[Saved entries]
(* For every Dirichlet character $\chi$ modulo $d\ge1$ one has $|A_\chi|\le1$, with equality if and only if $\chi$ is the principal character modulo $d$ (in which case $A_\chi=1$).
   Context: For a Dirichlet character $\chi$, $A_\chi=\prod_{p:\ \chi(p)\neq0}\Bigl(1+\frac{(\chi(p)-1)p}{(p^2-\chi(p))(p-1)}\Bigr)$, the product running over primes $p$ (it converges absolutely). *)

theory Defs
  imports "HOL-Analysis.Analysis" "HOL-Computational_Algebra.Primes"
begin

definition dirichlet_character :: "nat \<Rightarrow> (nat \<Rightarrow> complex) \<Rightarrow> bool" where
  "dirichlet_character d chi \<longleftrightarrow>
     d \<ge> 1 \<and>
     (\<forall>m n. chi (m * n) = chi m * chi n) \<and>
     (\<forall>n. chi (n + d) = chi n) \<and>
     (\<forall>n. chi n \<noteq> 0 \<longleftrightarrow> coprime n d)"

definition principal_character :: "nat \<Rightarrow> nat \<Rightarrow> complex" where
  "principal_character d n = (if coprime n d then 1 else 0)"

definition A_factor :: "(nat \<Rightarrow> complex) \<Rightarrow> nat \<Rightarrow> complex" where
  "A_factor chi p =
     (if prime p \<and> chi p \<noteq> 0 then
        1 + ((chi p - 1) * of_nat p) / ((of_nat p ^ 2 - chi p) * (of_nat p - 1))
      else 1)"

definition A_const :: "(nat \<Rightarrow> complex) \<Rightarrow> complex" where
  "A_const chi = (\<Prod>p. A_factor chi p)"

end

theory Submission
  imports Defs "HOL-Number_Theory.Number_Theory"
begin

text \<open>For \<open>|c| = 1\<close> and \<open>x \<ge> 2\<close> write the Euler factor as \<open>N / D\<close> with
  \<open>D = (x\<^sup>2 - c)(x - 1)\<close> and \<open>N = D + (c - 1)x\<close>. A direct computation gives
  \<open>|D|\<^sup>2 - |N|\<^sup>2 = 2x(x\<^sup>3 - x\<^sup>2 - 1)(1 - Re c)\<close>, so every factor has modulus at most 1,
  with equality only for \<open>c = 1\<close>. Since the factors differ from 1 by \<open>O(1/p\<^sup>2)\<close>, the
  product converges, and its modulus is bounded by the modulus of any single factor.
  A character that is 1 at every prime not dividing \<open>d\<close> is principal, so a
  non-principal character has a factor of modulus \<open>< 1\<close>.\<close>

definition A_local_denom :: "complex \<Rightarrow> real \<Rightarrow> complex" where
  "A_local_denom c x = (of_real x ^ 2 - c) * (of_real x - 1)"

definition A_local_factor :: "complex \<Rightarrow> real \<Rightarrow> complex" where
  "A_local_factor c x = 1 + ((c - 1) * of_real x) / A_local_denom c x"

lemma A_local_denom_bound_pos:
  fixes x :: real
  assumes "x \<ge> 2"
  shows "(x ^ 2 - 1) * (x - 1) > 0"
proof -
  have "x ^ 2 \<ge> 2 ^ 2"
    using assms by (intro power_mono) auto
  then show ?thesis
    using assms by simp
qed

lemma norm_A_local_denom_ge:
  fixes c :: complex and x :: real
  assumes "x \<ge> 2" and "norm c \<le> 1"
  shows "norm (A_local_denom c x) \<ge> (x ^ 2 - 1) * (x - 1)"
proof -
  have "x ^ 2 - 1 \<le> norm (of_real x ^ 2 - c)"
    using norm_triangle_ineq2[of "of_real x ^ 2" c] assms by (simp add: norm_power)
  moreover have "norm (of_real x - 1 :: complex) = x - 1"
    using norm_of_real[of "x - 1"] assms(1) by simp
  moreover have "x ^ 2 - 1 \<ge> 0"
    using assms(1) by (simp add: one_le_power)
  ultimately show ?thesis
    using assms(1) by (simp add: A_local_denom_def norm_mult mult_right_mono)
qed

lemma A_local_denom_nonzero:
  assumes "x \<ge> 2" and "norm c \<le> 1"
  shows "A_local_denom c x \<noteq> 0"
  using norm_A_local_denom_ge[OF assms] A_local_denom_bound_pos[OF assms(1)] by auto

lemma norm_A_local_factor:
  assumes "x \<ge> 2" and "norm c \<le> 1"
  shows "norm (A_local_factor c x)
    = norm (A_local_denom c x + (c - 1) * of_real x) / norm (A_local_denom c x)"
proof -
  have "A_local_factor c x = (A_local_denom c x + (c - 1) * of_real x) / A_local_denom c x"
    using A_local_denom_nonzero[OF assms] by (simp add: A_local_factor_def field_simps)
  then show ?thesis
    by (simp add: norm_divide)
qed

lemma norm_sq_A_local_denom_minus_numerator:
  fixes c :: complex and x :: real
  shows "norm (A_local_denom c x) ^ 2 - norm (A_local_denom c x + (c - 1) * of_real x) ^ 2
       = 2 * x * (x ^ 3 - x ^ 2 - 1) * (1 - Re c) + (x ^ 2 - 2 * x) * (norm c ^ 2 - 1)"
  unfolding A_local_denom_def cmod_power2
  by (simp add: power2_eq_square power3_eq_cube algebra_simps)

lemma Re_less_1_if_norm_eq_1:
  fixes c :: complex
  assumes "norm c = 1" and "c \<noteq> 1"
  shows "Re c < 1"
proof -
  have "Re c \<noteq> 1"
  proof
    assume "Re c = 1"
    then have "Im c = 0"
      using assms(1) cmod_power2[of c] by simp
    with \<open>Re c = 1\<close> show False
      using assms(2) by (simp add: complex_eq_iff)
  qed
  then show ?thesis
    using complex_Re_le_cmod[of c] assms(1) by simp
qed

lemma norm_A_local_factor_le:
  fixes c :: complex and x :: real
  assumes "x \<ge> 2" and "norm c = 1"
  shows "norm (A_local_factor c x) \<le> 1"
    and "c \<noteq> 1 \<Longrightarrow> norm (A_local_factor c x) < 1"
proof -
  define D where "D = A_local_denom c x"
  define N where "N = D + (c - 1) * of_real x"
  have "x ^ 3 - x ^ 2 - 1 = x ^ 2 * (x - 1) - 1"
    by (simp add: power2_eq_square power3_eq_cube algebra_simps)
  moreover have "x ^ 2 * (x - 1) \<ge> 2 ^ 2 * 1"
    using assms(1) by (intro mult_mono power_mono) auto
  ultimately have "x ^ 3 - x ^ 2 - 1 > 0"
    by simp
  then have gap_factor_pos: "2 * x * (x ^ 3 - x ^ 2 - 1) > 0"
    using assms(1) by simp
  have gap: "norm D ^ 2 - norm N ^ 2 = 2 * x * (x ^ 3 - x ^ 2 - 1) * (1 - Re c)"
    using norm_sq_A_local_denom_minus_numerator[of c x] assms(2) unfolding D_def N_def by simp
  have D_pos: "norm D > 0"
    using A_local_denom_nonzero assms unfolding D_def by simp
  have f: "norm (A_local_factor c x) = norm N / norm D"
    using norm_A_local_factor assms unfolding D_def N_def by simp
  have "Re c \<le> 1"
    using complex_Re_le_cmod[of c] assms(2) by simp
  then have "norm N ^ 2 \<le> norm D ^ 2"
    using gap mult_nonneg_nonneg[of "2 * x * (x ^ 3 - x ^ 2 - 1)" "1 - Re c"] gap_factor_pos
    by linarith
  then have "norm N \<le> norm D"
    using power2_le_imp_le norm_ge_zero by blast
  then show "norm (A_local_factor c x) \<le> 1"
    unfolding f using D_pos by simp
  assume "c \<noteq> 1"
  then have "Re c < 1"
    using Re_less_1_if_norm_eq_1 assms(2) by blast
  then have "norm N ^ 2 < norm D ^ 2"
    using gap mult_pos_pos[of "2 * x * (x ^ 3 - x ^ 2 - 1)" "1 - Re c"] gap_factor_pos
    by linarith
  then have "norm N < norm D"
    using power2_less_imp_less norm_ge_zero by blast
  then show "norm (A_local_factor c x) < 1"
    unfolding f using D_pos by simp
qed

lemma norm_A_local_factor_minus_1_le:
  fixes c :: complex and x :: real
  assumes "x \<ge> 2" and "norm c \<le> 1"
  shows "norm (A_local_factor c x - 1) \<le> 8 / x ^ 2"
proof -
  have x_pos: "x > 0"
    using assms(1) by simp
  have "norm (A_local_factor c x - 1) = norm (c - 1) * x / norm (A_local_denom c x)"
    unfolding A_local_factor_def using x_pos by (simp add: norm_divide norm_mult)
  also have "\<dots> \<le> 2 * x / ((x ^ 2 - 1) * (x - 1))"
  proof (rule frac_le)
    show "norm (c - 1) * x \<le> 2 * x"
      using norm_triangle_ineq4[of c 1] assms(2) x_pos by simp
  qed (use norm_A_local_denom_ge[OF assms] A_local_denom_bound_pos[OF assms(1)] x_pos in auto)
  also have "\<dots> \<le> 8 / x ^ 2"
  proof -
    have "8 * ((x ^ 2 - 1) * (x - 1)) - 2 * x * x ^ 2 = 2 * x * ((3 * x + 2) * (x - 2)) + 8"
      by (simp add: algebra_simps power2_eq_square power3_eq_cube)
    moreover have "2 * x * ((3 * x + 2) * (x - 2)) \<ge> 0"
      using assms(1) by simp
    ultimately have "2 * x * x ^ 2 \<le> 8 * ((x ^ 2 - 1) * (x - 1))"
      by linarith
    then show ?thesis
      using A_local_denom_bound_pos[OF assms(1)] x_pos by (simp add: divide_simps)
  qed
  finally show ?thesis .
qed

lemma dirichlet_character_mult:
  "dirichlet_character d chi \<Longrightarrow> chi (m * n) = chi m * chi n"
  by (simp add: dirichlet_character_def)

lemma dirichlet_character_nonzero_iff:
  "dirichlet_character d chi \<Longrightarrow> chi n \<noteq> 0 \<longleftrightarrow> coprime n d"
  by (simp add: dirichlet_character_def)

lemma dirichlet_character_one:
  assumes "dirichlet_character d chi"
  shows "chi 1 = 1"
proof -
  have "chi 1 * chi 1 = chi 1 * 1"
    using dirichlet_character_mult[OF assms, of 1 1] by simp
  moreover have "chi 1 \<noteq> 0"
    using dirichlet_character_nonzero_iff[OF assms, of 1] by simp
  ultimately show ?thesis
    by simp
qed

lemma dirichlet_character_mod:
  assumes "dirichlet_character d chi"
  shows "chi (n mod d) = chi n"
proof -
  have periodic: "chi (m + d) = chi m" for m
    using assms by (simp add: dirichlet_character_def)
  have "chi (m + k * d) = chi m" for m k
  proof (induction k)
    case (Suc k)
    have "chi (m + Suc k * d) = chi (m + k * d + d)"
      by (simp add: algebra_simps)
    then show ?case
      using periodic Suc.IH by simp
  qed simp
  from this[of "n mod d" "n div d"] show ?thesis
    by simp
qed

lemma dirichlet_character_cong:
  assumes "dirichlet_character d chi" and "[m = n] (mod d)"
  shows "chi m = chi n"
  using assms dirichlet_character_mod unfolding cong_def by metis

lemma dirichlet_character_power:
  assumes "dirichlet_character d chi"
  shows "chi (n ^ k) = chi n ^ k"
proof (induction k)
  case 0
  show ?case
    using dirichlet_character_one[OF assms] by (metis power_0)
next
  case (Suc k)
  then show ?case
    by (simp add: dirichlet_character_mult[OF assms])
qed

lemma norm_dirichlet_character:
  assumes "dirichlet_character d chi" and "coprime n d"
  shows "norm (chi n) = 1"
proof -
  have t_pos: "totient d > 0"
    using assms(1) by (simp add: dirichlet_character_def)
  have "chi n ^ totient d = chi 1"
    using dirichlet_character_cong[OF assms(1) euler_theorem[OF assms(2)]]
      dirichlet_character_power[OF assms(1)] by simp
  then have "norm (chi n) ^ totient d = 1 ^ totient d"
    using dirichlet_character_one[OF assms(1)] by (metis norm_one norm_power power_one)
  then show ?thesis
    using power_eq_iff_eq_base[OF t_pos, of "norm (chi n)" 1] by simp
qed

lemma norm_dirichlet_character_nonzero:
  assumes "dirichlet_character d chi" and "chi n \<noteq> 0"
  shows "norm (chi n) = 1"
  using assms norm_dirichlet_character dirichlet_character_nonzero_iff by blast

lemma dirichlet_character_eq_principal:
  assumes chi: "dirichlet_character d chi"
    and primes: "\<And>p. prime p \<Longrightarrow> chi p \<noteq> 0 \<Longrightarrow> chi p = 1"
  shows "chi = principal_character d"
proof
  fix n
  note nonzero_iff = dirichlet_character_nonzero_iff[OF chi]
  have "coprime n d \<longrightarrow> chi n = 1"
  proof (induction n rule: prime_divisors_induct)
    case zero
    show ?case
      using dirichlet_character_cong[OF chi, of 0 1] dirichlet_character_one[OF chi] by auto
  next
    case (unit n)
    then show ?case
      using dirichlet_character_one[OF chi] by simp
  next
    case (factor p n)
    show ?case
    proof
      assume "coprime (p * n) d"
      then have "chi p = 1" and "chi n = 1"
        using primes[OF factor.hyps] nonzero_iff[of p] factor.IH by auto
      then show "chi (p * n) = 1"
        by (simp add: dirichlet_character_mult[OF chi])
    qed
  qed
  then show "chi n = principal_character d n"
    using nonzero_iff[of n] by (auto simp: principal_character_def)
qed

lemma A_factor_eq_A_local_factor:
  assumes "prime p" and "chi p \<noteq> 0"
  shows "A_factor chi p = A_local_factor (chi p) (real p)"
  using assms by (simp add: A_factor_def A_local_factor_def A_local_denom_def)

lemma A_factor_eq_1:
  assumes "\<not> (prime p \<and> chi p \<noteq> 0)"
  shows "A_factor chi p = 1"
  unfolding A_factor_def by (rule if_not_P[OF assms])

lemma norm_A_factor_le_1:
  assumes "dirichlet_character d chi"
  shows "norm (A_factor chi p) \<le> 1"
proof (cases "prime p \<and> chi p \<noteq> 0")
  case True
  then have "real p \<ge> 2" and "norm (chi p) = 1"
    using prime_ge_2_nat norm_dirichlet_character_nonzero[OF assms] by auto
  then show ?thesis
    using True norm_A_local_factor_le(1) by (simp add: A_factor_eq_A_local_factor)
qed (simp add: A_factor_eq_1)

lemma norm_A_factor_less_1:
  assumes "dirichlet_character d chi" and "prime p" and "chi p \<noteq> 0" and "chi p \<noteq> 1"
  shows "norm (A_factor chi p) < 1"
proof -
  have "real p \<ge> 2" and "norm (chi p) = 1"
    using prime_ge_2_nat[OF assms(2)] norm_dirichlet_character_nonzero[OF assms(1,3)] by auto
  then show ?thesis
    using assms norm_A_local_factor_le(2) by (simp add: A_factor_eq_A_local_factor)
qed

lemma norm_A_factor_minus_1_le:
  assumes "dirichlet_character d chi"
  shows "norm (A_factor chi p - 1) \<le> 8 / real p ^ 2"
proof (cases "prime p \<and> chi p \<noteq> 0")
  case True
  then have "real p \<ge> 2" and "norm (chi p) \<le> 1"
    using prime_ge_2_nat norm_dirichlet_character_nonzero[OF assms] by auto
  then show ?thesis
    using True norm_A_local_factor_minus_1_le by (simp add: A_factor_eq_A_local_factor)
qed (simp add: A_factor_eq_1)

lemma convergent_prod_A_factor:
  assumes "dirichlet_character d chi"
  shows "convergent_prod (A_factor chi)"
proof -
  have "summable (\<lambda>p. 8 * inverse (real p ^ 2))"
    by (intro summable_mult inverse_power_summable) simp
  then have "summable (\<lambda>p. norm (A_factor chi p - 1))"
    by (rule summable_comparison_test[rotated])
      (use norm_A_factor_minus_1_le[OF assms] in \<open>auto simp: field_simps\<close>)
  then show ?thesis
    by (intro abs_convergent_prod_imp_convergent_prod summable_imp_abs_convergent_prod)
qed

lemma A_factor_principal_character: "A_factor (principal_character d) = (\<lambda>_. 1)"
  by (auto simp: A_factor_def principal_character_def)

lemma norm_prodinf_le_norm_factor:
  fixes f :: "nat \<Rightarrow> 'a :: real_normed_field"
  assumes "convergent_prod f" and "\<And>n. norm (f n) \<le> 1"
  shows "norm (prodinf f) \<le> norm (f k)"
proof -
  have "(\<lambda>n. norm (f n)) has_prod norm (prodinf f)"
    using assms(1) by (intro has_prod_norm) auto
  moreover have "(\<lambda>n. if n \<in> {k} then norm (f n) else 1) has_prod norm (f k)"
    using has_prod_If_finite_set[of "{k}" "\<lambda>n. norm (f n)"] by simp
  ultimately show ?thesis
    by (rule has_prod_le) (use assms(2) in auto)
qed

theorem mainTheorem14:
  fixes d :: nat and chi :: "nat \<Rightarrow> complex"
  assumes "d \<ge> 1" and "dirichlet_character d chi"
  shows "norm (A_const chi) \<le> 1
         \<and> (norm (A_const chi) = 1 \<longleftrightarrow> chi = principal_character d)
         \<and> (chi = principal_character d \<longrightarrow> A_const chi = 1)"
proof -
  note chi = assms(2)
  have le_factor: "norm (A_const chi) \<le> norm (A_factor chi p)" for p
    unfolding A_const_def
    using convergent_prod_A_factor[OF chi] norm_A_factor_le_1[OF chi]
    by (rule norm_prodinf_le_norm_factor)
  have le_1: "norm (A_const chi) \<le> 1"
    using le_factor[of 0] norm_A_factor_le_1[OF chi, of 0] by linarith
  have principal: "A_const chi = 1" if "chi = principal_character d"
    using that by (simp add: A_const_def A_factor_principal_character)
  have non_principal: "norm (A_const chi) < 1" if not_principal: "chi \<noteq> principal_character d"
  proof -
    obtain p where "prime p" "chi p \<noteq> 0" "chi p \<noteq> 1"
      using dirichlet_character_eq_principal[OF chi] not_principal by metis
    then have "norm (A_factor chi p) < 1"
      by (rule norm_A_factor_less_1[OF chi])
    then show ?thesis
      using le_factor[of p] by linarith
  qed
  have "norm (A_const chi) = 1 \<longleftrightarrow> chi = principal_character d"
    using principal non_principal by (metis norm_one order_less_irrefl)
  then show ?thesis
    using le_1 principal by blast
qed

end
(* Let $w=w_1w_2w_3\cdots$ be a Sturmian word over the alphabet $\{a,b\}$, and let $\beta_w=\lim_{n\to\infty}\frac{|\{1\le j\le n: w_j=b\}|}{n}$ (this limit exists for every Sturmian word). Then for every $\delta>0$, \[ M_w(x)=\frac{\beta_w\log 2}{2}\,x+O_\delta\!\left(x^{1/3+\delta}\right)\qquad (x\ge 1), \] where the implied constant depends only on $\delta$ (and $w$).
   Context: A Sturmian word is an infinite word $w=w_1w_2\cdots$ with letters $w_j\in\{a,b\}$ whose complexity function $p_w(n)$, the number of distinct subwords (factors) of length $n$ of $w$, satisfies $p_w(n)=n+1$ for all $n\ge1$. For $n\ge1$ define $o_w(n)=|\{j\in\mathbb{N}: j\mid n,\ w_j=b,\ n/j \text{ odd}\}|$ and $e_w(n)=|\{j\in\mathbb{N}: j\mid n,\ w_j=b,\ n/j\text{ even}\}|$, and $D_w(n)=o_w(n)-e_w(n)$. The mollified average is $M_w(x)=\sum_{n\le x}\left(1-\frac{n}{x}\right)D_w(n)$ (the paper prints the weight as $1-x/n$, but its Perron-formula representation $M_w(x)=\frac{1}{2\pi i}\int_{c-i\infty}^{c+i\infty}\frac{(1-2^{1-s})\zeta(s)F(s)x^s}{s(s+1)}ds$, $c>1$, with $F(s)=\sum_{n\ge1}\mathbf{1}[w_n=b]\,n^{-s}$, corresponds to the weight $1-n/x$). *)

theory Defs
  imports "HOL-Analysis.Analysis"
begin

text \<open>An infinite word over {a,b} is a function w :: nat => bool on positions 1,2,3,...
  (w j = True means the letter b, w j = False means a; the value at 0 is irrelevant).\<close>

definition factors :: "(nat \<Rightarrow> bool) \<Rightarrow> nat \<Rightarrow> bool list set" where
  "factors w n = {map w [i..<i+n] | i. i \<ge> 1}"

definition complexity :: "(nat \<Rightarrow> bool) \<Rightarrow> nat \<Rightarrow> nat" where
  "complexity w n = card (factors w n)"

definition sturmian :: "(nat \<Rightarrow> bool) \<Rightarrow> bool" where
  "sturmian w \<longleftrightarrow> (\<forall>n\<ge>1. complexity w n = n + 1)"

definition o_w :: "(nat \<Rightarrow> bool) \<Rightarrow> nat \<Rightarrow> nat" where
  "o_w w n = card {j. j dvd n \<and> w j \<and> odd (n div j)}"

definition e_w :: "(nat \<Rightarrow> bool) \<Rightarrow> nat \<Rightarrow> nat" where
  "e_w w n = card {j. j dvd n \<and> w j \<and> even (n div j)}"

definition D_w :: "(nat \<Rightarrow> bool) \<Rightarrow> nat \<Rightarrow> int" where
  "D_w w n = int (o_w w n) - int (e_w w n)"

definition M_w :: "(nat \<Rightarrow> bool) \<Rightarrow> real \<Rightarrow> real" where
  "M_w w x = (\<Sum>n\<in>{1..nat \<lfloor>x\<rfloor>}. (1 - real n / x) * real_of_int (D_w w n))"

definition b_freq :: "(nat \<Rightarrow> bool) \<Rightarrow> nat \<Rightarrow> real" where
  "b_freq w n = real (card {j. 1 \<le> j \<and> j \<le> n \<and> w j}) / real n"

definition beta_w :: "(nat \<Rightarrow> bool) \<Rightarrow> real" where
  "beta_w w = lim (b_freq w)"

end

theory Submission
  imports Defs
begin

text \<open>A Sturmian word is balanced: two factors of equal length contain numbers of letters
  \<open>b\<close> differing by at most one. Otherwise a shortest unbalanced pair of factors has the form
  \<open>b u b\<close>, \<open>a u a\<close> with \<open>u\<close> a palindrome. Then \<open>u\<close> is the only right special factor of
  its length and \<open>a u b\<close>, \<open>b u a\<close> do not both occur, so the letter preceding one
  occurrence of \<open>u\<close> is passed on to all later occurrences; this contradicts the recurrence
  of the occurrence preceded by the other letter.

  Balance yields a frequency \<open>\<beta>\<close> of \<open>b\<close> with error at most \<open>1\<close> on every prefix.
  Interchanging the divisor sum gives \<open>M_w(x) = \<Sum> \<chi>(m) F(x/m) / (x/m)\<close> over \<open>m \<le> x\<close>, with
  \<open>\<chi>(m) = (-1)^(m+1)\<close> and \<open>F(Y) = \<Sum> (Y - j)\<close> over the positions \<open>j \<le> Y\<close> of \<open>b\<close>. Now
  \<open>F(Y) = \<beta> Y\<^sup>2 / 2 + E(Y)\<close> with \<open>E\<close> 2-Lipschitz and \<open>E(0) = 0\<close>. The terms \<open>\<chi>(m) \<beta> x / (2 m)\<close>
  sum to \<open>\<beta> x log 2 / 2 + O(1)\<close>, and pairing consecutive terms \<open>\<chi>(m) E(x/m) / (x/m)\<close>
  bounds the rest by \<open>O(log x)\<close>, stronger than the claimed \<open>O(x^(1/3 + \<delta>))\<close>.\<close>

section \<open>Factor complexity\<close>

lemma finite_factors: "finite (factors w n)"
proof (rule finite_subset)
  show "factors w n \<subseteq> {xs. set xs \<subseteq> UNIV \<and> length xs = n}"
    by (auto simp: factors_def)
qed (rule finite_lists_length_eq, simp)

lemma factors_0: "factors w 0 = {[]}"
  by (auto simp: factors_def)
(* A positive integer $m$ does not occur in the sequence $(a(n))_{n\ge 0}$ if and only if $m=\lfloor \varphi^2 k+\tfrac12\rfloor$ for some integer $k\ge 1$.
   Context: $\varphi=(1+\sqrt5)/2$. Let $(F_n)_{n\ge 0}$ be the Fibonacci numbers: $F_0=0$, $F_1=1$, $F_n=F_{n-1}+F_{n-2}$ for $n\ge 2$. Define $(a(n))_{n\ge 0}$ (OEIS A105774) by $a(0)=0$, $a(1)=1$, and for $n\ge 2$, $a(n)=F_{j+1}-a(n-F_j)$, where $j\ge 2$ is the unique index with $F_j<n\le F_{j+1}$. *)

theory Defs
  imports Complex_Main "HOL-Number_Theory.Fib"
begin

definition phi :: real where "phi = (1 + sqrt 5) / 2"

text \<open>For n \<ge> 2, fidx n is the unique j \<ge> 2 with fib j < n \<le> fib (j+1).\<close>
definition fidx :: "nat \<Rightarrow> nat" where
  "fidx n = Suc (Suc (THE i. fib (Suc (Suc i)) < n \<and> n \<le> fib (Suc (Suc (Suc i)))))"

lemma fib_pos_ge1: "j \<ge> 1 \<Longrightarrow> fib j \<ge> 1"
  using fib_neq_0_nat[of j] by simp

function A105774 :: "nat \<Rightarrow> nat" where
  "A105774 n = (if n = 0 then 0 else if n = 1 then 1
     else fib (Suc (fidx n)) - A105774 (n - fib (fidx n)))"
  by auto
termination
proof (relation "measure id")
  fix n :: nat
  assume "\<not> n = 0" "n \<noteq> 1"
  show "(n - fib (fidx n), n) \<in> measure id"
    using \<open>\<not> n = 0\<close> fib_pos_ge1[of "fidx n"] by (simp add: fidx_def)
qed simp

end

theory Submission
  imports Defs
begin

__Prompt__.
From the entries above, select each line containing the string "metis".

__Task solution__.
  using assms dirichlet_character_mod unfolding cong_def by metis
    using dirichlet_character_one[OF assms] by (metis power_0)
    using dirichlet_character_one[OF assms(1)] by (metis norm_one norm_power power_one)
      using dirichlet_character_eq_principal[OF chi] not_principal by metis
    using principal non_principal by (metis norm_one order_less_irrefl)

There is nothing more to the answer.